Villette" est la capitale du royaume imaginaire de Labassecour, une cité qui ressemble étrangement à Bruxelles. C'est là que les sœurs Brontë ont fait l'expérience de l'enseignement, à la pension Héger. Et c’est là que Lucy Snowe, l’héroïne de cette histoire, postule comme professeur d’anglais, sans se douter qu’elle va y trouver l’amour.
Le roman comporte deux parties : la première, plutôt brève, raconte l’adolescence de Lucy chez sa marraine Mrs Bretton. La jeune fille y côtoie John-Graham son sympathique cousin, mais elle y rencontre aussi une étrange enfant blonde, dont la précocité n’a d’égale que son adoration pour Graham. Puis vient une période difficile d’apprentissage. Lucy, désormais sans famille, décide de quitter l’Angleterre pour gagner sa vie comme préceptrice. Après un passage en France, elle se rend à Villette, à la recherche de la pension Beck. La voici institutrice. Dépourvue d’expérience, Lucy doit néanmoins imposer son autorité à des dizaines d’élèves turbulentes. C’est aussi dans cette institution que Lucy fait des rencontres déterminantes : la frivole Ginevra Fanshawe, une pensionnaire qui se prend d’amitié pour elle, le professeur de lettres Paul Emmanuel, et le docteur John, un jeune médecin qui ne laisse pas Lucy indifférente. Mais la vie réserve encore bien des surprises à notre héroïne ! Pendant les grandes vacances, par un soir d’orage, Lucy erre le cœur gros aux portes de la ville, lorsqu’elle est recueillie par le docteur John. L’occasion d’en découvrir davantage sur ce séduisant personnage…

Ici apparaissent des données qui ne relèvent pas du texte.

fun detach :: "nat \<Rightarrow> 'k tree \<Rightarrow> 'k tree \<times> 'k tree option" where
  "detach p Leaf = (Leaf, None)"
| "detach p (Node l i k r) =
     (if i = p then (r, Some (Node l i k Leaf))
      else (case detach p l of
              (l', Some x) \<Rightarrow> (Node l' i k r, Some x)
            | (_, None) \<Rightarrow> (case detach p r of (r', s) \<Rightarrow> (Node l i k r', s))))"

fun deckey :: "nat \<Rightarrow> 'k::linorder \<Rightarrow> 'k tree \<Rightarrow> 'k tree \<times> nat" where
  "deckey p y Leaf = (Leaf, 0)"
| "deckey p y (Node l i k r) =
     (if i = p then (Node l i y r, 0)
      else (case detach p l of
              (l', Some (Node lx ix kx rx)) \<Rightarrow> (link (Node l' i k r) (Node lx ix y Leaf), 1)
            | _ \<Rightarrow> (Node l i k r, 0)))"

text \<open>Sticky size update after an operation (N stays a power of 2, N \<ge> 1).\<close>
definition sticky :: "nat \<Rightarrow> nat \<Rightarrow> nat" where
  "sticky n N = (if n \<ge> 2 * N then 2 * N else if 2 * n \<le> N \<and> N \<ge> 2 then N div 2 else N)"

inductive reach :: "'k::linorder tree \<Rightarrow> nat \<Rightarrow> bool" where
  init: "reach Leaf 1"
| insert: "reach h N \<Longrightarrow> i \<notin> ids h \<Longrightarrow>
      reach (fst (ins i k h)) (sticky (bsize (fst (ins i k h))) N)"
| getmin: "reach h N \<Longrightarrow> h \<noteq> Leaf \<Longrightarrow> reach h (sticky (bsize h) N)"
| deletemin: "reach h N \<Longrightarrow> h \<noteq> Leaf \<Longrightarrow>
      reach (fst (delmin h)) (sticky (bsize (fst (delmin h))) N)"
| decreasekey: "reach h N \<Longrightarrow> lookup p h = Some x \<Longrightarrow> y < x \<Longrightarrow>
      reach (fst (deckey p y h)) (sticky (bsize (fst (deckey p y h))) N)"

definition is_large :: "real \<Rightarrow> 'k tree \<Rightarrow> bool" where
  "is_large lgN t = (case t of Leaf \<Rightarrow> False
     | Node l i k r \<Rightarrow> real (bsize l) > lgN \<and> real (bsize r) > lgN)"

fun node_phi :: "real \<Rightarrow> 'k tree \<Rightarrow> real" where
  "node_phi lgN Leaf = 0"
| "node_phi lgN (Node l i k r) =
     (let a = real (bsize l); b = real (bsize r); s = real (bsize (Node l i k r)) in
      if a > lgN \<and> b > lgN then 400 + 100 * log 2 s
      else if a \<le> lgN \<and> lgN < b then 400 + 100 * (a / lgN) * log 2 s
      else if b \<le> lgN \<and> lgN < a then 400 + 100 * (b / lgN) * log 2 s
      else 0)"

fun sum_phi :: "real \<Rightarrow> 'k tree \<Rightarrow> real" where
  "sum_phi lgN Leaf = 0"
| "sum_phi lgN (Node l i k r) = node_phi lgN (Node l i k r) + sum_phi lgN l + sum_phi lgN r"

fun sum_edge :: "real \<Rightarrow> 'k tree \<Rightarrow> real" where
  "sum_edge lgN Leaf = 0"
| "sum_edge lgN (Node l i k r) =
     (if is_large lgN (Node l i k r) \<and> is_large lgN r then -7 else 0)
     + sum_edge lgN l + sum_edge lgN r"

definition Phi :: "'k tree \<Rightarrow> nat \<Rightarrow> real" where
  "Phi h N = (let lgN = log 2 (real N) in
     900 * \<bar>real N - real (bsize h)\<bar> + sum_phi lgN h + sum_edge lgN h)"

definition insert_amortized :: "nat \<Rightarrow> 'k::linorder \<Rightarrow> 'k tree \<Rightarrow> nat \<Rightarrow> real" where
  "insert_amortized i k h N = (let (h', c) = ins i k h; N' = sticky (bsize h') N in
     real (1 + c) + Phi h' N' - Phi h N)"

end

theory Submission
  imports Defs
begin

text \<open>Every reachable heap is a single tree whose root has no right sibling, and N
stays within a factor 2 of n.  Inserting links a singleton to the root: the two
nodes involved each lack a child and so carry potential at most 400, the rest of the
tree keeps its node and edge potentials, and n grows by one.  If N stays put, this
bounds the amortized cost by a constant.  If N doubles, then n = 2N after the insertion,
so the term 900|N - n| drops from 900(N - 1) to 0; this pays for losing all edge
potentials (at least -7 per node), while node potentials only decrease as lg N grows.\<close>

fun is_root :: "'k tree \<Rightarrow> bool" where
  "is_root Leaf = True"
| "is_root (Node l i k r) = (r = Leaf)"

lemma is_root_link_bsize:
  assumes "is_root a" "is_root b"
  shows "is_root (link a b) \<and> bsize (link a b) = bsize a + bsize b"
  using assms by (cases a; cases b) auto

lemma siblings_is_root_bsize:
  "(\<forall>t\<in>set (siblings h). is_root t) \<and> sum_list (map bsize (siblings h)) = bsize h"
  by (induction h) auto

lemma pass1_is_root_bsize:
  "\<forall>t\<in>set ts. is_root t \<Longrightarrow>
   (\<forall>t\<in>set (fst (pass1 ts)). is_root t) \<and>
   sum_list (map bsize (fst (pass1 ts))) = sum_list (map bsize ts)"
proof (induction ts rule: pass1.induct)
  case (1 a b rest)
  obtain ts c where "pass1 rest = (ts, c)" by fastforce
  with 1 is_root_link_bsize[of a b] show ?case by auto
qed auto

lemma pass2_is_root_bsize:
  "\<forall>t\<in>set ts. is_root t \<Longrightarrow>
   is_root (fst (pass2 ts)) \<and> bsize (fst (pass2 ts)) = sum_list (map bsize ts)"
proof (induction ts rule: pass2.induct)
  case (3 t v va)
  obtain u c where "pass2 (v # va) = (u, c)" by fastforce
  with 3 is_root_link_bsize[of t u] show ?case by auto
qed auto

lemma delmin_is_root_bsize:
  assumes "is_root h" "h \<noteq> Leaf"
  shows "is_root (fst (delmin h)) \<and> bsize (fst (delmin h)) + 1 = bsize h"
proof -
  obtain l i k where h: "h = Node l i k Leaf" using assms by (cases h) auto
  obtain ts c1 where p1: "pass1 (siblings l) = (ts, c1)" by fastforce
  obtain t c2 where p2: "pass2 ts = (t, c2)" by fastforce
  have "(\<forall>t\<in>set ts. is_root t) \<and> sum_list (map bsize ts) = bsize l"
    using pass1_is_root_bsize[of "siblings l"] siblings_is_root_bsize[of l] p1 by auto
  then have "is_root t \<and> bsize t = bsize l" using pass2_is_root_bsize[of ts] p2 by auto
  then show ?thesis using h p1 p2 by auto
qed

lemma detach_bsize:
  "detach p t = (t', s) \<Longrightarrow> (s = None \<longrightarrow> t' = t) \<and>
     (\<forall>x. s = Some x \<longrightarrow> bsize t' + bsize x = bsize t \<and> is_root x)"
proof (induction t arbitrary: t' s)
  case (Node l i k r)
  obtain l' s1 where dl: "detach p l = (l', s1)" by fastforce
  obtain r' s2 where dr: "detach p r = (r', s2)" by fastforce
  show ?case
    using Node.prems Node.IH(1)[OF dl] Node.IH(2)[OF dr] dl dr
    by (cases "i = p"; cases s1) auto
qed auto

lemma deckey_is_root_bsize:
  assumes "is_root h"
  shows "is_root (fst (deckey p y h)) \<and> bsize (fst (deckey p y h)) = bsize h"
proof (cases h)
  case (Node l i k r)
  obtain l' s where d: "detach p l = (l', s)" by fastforce
  have "r = Leaf" using assms Node by simp
  with Node d detach_bsize[OF d] show ?thesis
    by (cases "i = p"; cases s; auto split: tree.split)
qed simp

definition heap_invariant :: "'k tree \<Rightarrow> nat \<Rightarrow> bool" where
  "heap_invariant h N \<longleftrightarrow>
     is_root h \<and> N \<ge> 1 \<and> bsize h < 2 * N \<and> (N \<ge> 2 \<longrightarrow> N < 2 * bsize h)"

lemma sticky_bounds:
  assumes "N \<ge> 1" "n < 2 * N" "N \<ge> 2 \<longrightarrow> N < 2 * n" "n' \<le> n + 1" "n \<le> n' + 1"
  shows "sticky n' N \<ge> 1 \<and> n' < 2 * sticky n' N \<and> (sticky n' N \<ge> 2 \<longrightarrow> sticky n' N < 2 * n')"
  using assms unfolding sticky_def by (auto; presburger)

Ce roman d’apprentissage est un curieux mélange de romantisme et de réalisme, le tout saupoudré d’humour anglais. Comme dans "Jane Eyre", Charlotte Brontë dépeint ici une héroïne singulière, au caractère bien trempé, éprise de solitude et peut-être un rien bigote. Malgré sa droiture morale, Lucy ne correspond pas tout à fait au modèle de féminité en vogue au XIXème siècle. Son tempérament fier, indépendant, sa capacité à tenir tête aux hommes et son côté asocial en font un personnage bizarre. Serait-ce le reflet de la personnalité de l’auteure ?
J’ai apprécié ce roman pour la qualité de l’écriture, ainsi que pour son côté vivant : l’atmosphère du pensionnat par exemple y est fort bien décrite et on sent que l’auteure a réellement vécu les situations évoquées. Par ailleurs, je me suis demandé si le professeur bourru du roman, M. Emmanuel, avait un lien quelconque avec Constantin Héger, le directeur dont Charlotte Brontë était éprise. Enfin, comme dans tous les romans "brontiens", la psychologie joue un grand rôle. Ici, la confrontation entre Lucy et Paul Emmanuel constitue un fil conducteur - et n'est pas sans rappeler les rapports orageux entre Jane Eyre et M. Rochester.
Malgré ses qualités indéniables, « Villette » souffre aussi de quelques défauts. Les tendances moralisatrices de Lucy sont parfois déplaisantes et lui donnent un côté vieille fille. Ce roman est d’un genre hybride, une sorte de compromis entre l’esprit indépendant des Brontë et la morale victorienne ; il n’a ni l’audace de « Jane Eyre » ni la puissance envoûtante des « Hauts des Hurlevent ». Mais ce qui m’a le plus dérangée ce sont les longueurs ! Dans la deuxième moitié du roman, l’histoire piétine vraiment ; aussi les 600 pages auraient pu être amplement réduites sans nuire à l’action, ni même à l’atmosphère. A lire tout de même par les fans des sœurs Brontë et les amateurs de littérature britannique.